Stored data
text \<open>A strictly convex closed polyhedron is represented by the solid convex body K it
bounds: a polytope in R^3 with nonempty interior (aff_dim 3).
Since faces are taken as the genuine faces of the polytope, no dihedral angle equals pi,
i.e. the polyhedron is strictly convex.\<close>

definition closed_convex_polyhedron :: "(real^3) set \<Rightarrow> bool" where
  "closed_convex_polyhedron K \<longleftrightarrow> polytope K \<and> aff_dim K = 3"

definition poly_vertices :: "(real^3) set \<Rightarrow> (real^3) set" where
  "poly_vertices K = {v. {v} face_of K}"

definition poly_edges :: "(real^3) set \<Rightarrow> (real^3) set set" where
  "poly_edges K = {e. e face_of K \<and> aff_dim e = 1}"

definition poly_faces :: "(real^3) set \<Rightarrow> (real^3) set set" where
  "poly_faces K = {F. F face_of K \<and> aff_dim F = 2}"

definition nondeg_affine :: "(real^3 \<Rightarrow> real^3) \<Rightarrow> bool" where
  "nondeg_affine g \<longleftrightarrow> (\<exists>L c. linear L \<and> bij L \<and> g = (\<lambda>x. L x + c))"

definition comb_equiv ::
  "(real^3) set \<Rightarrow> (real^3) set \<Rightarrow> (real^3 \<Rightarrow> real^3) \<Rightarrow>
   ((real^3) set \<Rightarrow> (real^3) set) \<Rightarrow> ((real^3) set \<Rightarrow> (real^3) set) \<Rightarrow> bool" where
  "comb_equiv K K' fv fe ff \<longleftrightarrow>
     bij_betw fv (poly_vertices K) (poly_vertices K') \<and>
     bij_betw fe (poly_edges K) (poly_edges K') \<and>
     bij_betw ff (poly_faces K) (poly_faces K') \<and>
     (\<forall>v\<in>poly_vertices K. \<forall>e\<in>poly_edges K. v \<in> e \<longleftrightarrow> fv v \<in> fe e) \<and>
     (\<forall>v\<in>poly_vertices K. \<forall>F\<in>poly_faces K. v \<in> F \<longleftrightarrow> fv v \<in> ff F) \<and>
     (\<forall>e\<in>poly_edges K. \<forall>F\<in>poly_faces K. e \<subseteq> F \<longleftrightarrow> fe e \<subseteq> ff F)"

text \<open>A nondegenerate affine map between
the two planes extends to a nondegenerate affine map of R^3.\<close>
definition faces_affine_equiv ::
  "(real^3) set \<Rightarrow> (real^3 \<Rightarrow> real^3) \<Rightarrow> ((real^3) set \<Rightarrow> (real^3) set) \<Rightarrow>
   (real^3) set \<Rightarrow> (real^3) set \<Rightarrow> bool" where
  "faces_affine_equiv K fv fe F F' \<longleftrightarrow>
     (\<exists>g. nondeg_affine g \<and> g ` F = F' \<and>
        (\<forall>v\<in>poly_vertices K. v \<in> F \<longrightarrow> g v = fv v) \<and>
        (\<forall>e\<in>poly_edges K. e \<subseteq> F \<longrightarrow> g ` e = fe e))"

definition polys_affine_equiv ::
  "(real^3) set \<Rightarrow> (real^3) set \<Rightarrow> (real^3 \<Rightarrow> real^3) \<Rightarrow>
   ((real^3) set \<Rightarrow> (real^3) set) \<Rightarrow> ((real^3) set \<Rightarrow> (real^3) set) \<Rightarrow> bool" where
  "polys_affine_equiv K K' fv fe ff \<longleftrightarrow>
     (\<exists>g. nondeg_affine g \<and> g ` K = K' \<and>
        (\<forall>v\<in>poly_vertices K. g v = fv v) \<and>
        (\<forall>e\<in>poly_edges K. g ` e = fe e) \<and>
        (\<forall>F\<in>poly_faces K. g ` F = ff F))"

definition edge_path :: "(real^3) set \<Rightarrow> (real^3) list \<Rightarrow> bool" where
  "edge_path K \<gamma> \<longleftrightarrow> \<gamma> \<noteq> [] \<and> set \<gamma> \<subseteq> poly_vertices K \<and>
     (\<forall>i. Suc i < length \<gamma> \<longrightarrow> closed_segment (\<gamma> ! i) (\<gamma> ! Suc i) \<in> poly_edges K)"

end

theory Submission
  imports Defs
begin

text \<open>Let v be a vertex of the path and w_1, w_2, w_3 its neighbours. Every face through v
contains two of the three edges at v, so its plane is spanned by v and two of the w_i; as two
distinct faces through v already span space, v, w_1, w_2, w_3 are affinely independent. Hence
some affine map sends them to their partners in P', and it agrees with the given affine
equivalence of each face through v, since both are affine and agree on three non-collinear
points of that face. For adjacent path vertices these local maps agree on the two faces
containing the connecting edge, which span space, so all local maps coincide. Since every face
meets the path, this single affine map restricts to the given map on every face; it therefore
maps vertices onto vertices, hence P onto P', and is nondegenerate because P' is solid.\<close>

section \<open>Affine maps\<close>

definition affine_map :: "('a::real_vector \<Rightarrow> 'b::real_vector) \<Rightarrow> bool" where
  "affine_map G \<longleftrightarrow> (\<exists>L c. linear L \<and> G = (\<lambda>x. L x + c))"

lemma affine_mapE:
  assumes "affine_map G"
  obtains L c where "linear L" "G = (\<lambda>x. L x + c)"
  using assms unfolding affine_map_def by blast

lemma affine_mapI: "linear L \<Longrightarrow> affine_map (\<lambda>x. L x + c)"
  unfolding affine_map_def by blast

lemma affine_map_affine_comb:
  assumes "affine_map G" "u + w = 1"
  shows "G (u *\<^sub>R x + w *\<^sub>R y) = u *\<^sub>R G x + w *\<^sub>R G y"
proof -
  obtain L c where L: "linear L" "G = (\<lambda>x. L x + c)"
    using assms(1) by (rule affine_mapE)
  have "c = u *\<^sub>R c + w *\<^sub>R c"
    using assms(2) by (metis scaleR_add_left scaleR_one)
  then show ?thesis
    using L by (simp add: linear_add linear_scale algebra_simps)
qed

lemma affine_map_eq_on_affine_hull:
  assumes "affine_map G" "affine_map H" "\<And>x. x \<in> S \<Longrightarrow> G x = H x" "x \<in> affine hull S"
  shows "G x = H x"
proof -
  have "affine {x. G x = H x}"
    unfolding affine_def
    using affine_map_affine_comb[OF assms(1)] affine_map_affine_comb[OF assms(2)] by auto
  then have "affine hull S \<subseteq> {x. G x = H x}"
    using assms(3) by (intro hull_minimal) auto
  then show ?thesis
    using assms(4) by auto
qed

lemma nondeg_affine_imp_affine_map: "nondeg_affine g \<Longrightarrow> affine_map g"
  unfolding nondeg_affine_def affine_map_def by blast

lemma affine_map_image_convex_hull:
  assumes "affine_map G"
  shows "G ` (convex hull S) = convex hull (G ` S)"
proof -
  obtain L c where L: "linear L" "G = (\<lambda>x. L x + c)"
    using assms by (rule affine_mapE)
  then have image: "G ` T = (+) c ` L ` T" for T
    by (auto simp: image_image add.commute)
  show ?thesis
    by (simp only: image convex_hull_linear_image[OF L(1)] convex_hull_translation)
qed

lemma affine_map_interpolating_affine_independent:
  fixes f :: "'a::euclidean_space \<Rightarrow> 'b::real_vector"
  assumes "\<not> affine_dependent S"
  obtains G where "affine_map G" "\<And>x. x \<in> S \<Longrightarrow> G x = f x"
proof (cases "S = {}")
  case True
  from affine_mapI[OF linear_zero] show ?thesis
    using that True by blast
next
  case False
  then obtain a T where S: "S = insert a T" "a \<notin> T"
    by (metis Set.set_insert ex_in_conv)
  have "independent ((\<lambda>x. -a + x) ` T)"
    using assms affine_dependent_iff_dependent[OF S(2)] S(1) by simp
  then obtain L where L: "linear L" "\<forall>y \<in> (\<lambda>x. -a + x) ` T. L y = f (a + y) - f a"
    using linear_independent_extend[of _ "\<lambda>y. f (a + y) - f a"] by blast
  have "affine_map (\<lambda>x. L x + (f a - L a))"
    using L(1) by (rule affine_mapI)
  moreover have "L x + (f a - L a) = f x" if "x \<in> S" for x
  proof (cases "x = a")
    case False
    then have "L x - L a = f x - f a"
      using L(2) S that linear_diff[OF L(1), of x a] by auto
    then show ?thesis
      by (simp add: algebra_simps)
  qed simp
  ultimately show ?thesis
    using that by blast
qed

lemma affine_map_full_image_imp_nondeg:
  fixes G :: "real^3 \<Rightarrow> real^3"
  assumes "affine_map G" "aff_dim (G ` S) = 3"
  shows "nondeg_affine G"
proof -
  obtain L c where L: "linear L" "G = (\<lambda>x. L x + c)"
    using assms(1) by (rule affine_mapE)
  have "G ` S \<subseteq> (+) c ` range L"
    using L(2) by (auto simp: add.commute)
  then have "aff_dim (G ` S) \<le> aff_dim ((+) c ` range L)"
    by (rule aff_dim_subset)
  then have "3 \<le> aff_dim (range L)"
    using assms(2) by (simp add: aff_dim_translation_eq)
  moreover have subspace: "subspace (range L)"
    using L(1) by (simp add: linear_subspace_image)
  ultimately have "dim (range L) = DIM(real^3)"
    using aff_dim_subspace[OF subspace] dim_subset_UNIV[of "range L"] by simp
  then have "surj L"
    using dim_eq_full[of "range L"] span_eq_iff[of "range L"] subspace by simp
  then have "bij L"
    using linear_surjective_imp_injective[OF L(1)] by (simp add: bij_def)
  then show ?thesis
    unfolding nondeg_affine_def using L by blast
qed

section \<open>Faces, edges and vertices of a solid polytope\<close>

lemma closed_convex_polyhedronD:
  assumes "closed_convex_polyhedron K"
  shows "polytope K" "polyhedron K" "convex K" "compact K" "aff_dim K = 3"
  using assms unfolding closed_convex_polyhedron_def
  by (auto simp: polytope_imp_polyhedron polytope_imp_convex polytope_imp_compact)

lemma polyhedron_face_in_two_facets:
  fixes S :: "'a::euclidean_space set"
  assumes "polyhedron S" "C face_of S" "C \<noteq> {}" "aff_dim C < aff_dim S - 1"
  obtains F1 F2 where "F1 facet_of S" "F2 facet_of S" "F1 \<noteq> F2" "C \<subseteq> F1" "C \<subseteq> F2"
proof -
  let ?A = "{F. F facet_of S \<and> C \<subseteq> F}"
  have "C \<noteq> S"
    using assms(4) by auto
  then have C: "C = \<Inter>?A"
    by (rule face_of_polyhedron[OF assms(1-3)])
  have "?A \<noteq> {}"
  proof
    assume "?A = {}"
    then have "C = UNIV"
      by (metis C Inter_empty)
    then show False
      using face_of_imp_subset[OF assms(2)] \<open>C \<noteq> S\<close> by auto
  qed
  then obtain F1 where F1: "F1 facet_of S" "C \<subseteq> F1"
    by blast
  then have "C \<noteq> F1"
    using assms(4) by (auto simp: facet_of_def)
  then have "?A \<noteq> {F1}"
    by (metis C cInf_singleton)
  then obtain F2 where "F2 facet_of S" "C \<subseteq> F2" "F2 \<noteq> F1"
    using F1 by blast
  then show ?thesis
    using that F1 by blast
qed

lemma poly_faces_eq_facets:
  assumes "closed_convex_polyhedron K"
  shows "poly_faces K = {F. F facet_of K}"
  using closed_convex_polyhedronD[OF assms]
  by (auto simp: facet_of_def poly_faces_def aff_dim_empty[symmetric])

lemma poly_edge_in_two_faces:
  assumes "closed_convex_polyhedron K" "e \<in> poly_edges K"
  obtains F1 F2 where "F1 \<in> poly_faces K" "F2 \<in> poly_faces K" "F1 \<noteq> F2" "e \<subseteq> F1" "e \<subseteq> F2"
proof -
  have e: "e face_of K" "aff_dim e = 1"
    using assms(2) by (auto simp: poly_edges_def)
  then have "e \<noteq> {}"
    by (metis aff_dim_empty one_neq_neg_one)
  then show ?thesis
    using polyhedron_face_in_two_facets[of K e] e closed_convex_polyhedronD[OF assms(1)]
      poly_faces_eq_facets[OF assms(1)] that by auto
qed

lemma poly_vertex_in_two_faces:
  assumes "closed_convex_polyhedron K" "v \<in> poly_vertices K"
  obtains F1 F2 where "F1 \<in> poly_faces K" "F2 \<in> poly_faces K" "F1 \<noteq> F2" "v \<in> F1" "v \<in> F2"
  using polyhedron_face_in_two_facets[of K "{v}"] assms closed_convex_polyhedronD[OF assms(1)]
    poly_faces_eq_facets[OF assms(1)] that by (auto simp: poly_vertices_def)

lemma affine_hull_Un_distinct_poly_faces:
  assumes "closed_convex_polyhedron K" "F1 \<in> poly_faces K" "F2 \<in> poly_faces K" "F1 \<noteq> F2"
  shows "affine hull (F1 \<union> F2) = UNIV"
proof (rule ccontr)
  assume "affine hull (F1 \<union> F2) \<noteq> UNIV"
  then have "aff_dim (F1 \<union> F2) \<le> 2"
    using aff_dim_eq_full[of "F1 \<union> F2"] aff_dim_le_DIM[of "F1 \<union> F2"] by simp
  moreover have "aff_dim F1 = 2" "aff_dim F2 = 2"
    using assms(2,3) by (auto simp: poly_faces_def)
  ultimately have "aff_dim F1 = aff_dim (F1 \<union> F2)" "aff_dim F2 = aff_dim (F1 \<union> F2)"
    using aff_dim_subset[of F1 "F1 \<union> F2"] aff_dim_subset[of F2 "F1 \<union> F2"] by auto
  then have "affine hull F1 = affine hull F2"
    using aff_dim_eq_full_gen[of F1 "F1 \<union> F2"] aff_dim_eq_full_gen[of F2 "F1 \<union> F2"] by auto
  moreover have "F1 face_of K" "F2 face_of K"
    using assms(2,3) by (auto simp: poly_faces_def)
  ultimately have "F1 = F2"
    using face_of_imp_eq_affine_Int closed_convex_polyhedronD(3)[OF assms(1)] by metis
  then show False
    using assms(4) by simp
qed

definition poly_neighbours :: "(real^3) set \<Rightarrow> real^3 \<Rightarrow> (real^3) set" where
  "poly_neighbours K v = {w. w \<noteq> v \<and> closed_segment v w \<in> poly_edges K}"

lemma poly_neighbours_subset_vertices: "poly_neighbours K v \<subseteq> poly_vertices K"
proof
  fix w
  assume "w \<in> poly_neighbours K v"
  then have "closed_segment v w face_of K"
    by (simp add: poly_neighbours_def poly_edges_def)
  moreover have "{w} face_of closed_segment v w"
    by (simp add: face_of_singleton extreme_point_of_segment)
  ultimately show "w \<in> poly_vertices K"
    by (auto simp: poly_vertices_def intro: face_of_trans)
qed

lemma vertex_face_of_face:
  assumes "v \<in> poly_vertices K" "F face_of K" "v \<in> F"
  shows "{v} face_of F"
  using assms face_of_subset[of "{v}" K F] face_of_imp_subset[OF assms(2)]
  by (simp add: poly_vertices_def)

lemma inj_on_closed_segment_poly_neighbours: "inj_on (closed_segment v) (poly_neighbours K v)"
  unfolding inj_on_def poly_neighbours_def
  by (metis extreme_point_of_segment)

AIM OF THE EXERCISE: Set down, word for word, each line from the top of the records above through the line with "Since faces are".

ANSWER BOX:
text \<open>A strictly convex closed polyhedron is represented by the solid convex body K it
bounds: a polytope in R^3 with nonempty interior (aff_dim 3).
Since faces are taken as the genuine faces of the polytope, no dihedral angle equals pi,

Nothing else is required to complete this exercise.